In the entries below, find the line with "unfolding \<eta> M" and print exactly every line from there up to and including the line with "q j / (1 - q j)) +", with no other lines.

(Dataset entries)
□ □ □ □
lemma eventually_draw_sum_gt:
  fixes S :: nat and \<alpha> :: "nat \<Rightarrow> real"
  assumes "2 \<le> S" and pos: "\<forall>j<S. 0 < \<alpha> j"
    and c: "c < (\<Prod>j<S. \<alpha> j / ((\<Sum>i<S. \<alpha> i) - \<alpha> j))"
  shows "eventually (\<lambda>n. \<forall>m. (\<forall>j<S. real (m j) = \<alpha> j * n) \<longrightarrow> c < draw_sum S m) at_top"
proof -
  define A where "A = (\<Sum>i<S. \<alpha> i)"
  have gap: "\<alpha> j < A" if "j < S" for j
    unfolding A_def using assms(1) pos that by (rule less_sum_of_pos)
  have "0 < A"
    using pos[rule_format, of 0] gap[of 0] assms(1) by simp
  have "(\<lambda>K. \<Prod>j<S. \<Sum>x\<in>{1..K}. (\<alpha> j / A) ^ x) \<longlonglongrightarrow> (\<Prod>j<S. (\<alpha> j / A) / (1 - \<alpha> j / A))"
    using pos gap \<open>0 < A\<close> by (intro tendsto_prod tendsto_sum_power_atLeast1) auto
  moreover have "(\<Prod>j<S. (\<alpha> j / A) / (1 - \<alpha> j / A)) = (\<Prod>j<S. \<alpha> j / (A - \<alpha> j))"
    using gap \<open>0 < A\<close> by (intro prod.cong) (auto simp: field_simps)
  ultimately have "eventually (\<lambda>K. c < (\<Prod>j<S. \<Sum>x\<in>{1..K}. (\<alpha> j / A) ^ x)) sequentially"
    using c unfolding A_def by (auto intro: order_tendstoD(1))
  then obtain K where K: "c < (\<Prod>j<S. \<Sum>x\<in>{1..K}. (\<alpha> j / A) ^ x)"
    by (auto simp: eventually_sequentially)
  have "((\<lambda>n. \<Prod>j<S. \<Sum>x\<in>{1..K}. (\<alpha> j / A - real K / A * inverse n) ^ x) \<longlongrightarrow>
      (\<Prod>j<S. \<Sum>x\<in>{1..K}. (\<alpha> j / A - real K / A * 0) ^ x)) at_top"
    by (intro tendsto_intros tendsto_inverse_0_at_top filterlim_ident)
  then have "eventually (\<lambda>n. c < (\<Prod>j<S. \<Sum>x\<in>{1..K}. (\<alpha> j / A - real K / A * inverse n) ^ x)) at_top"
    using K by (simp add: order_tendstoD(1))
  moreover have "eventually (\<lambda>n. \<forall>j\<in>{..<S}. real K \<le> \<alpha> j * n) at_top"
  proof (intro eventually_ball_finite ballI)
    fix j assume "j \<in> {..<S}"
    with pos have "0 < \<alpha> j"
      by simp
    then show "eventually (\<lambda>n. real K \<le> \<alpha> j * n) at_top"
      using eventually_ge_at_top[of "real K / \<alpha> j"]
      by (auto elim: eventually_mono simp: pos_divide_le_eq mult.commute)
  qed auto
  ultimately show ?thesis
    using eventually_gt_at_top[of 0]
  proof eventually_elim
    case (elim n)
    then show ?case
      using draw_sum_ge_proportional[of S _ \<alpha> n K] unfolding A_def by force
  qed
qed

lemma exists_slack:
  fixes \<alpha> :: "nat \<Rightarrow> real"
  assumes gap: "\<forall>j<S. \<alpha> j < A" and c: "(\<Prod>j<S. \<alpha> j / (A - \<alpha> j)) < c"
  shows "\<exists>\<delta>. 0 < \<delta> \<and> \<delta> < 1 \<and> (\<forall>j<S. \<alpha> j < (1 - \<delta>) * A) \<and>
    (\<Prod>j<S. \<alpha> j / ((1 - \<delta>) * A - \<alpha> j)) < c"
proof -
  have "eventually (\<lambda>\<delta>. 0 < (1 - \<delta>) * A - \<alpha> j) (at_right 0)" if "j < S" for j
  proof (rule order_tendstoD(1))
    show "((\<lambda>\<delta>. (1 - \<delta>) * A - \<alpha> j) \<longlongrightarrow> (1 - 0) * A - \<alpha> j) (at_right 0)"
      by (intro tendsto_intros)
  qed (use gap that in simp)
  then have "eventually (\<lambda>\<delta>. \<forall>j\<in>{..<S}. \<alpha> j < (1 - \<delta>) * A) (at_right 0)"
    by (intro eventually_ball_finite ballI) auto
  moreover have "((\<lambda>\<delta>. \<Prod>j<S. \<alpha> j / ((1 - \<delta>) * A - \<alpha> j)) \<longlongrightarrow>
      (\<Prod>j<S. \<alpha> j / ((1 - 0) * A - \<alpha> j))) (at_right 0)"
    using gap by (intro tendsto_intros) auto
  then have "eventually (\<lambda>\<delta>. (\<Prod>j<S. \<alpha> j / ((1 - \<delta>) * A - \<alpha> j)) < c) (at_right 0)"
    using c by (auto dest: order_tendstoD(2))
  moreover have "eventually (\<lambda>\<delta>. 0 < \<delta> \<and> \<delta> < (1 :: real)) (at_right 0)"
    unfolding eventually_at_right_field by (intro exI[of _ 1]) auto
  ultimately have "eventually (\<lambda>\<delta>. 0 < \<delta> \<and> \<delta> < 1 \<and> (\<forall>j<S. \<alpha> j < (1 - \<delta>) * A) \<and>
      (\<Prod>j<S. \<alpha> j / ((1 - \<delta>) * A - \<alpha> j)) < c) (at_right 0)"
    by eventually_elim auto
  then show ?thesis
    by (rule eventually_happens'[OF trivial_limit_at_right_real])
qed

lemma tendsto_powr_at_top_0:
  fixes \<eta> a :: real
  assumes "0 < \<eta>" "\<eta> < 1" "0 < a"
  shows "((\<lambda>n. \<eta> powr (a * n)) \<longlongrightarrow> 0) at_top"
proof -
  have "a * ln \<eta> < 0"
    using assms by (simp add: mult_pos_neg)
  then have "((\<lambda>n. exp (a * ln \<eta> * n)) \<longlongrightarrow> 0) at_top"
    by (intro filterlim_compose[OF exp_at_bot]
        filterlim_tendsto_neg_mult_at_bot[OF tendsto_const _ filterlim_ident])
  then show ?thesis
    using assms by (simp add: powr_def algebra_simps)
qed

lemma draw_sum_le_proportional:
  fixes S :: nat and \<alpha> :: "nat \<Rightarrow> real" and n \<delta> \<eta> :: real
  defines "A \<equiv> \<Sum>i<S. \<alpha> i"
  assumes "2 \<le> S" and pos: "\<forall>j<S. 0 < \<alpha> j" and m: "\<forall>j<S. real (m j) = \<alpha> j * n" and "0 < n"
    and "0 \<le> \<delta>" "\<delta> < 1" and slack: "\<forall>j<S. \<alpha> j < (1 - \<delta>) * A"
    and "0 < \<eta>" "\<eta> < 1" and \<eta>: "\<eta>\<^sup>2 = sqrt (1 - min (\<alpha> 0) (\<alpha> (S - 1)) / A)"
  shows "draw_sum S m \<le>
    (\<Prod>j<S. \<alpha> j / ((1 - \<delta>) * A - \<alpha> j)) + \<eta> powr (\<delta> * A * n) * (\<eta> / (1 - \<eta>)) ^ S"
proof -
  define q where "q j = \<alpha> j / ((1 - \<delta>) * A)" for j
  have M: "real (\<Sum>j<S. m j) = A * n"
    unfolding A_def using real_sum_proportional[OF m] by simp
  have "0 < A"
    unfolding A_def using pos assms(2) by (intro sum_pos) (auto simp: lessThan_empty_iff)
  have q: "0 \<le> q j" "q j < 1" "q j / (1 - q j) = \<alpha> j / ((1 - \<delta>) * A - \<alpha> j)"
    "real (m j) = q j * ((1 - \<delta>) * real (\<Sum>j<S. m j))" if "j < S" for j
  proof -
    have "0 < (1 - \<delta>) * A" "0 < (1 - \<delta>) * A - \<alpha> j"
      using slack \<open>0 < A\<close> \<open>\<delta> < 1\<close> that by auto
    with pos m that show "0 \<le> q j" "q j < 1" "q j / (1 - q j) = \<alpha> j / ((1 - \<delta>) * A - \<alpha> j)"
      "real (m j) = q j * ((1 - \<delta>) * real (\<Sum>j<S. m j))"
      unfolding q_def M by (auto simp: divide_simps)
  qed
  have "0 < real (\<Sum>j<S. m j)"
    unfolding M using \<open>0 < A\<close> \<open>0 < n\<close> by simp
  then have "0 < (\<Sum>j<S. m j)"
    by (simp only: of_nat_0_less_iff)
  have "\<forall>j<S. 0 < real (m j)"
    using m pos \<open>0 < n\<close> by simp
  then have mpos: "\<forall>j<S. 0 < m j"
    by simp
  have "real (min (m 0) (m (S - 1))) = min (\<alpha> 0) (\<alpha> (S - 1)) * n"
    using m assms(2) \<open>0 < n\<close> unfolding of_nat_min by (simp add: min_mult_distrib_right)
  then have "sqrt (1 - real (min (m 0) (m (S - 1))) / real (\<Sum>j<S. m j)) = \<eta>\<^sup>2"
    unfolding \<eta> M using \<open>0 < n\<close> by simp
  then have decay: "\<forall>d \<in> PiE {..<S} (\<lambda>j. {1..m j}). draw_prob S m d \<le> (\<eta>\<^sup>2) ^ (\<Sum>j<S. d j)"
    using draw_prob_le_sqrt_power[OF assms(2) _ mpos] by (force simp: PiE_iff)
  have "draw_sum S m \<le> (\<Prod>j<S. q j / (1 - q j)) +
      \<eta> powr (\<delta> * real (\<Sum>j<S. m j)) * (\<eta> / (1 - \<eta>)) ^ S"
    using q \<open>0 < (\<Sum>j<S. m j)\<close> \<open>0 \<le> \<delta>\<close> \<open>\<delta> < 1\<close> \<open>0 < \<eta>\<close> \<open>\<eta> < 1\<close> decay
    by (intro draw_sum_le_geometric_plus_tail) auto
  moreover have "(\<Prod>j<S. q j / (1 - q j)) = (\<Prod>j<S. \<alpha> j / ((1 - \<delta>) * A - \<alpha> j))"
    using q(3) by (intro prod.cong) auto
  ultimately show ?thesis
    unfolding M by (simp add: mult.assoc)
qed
□ □ □ □
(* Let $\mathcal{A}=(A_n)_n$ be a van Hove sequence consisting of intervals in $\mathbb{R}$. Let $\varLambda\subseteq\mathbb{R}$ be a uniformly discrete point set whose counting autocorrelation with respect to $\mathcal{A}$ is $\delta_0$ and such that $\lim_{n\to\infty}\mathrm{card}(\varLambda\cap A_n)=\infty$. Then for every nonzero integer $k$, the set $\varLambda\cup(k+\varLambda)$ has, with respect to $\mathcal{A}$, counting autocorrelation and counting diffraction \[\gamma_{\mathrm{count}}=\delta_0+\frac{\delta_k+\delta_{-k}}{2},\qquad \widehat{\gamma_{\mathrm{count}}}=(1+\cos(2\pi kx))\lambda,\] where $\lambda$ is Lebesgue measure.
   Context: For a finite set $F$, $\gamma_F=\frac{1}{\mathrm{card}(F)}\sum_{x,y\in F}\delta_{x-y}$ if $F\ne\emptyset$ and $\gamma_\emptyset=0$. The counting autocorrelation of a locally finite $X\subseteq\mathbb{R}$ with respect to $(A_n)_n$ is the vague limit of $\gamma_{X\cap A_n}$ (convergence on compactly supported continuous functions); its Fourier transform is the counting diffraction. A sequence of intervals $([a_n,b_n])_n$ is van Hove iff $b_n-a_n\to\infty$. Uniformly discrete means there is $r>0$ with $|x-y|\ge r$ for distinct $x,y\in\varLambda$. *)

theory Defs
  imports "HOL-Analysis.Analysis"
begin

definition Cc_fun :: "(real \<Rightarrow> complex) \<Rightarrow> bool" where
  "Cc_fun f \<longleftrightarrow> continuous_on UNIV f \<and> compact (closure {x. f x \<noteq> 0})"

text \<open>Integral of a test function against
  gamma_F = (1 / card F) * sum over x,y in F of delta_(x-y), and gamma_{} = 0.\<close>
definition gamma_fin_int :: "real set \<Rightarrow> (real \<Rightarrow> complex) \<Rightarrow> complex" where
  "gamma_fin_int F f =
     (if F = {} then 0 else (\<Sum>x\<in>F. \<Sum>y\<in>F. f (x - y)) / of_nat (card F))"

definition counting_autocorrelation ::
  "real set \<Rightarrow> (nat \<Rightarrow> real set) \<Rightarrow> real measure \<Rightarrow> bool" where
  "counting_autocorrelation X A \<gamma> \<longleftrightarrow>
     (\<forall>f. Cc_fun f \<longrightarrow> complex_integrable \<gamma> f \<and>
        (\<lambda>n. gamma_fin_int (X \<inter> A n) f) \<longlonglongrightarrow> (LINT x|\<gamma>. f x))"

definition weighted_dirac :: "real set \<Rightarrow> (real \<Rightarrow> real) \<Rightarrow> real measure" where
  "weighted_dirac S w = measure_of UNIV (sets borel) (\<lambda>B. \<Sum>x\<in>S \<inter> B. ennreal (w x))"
□ □ □ □
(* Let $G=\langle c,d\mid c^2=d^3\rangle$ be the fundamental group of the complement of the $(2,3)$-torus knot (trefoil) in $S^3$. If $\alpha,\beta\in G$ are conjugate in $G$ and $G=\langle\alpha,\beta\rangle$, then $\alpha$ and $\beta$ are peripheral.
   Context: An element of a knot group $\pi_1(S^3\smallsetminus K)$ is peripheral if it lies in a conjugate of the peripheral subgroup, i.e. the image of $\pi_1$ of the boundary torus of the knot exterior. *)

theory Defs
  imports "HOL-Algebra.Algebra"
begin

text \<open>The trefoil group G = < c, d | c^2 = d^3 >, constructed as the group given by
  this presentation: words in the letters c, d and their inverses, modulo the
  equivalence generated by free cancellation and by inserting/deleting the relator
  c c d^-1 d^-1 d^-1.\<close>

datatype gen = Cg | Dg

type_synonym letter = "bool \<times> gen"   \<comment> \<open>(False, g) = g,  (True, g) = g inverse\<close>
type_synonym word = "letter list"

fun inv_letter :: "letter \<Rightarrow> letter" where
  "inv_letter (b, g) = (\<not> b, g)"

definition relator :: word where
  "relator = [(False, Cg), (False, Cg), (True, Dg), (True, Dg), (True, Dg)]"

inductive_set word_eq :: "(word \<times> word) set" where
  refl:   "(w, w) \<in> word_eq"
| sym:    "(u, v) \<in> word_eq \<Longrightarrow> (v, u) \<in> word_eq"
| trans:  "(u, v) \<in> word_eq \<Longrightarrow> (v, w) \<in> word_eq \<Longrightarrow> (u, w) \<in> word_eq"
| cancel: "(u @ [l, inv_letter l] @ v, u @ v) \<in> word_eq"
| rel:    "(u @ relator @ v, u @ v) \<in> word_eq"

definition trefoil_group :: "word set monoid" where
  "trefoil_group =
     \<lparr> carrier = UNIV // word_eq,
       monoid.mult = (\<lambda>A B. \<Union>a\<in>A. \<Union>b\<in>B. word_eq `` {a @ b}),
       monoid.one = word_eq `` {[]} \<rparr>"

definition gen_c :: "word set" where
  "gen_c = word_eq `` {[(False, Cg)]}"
□ □ □ □
Exercise response =>
    unfolding \<eta> M using \<open>0 < n\<close> by simp
  then have decay: "\<forall>d \<in> PiE {..<S} (\<lambda>j. {1..m j}). draw_prob S m d \<le> (\<eta>\<^sup>2) ^ (\<Sum>j<S. d j)"
    using draw_prob_le_sqrt_power[OF assms(2) _ mpos] by (force simp: PiE_iff)
  have "draw_sum S m \<le> (\<Prod>j<S. q j / (1 - q j)) +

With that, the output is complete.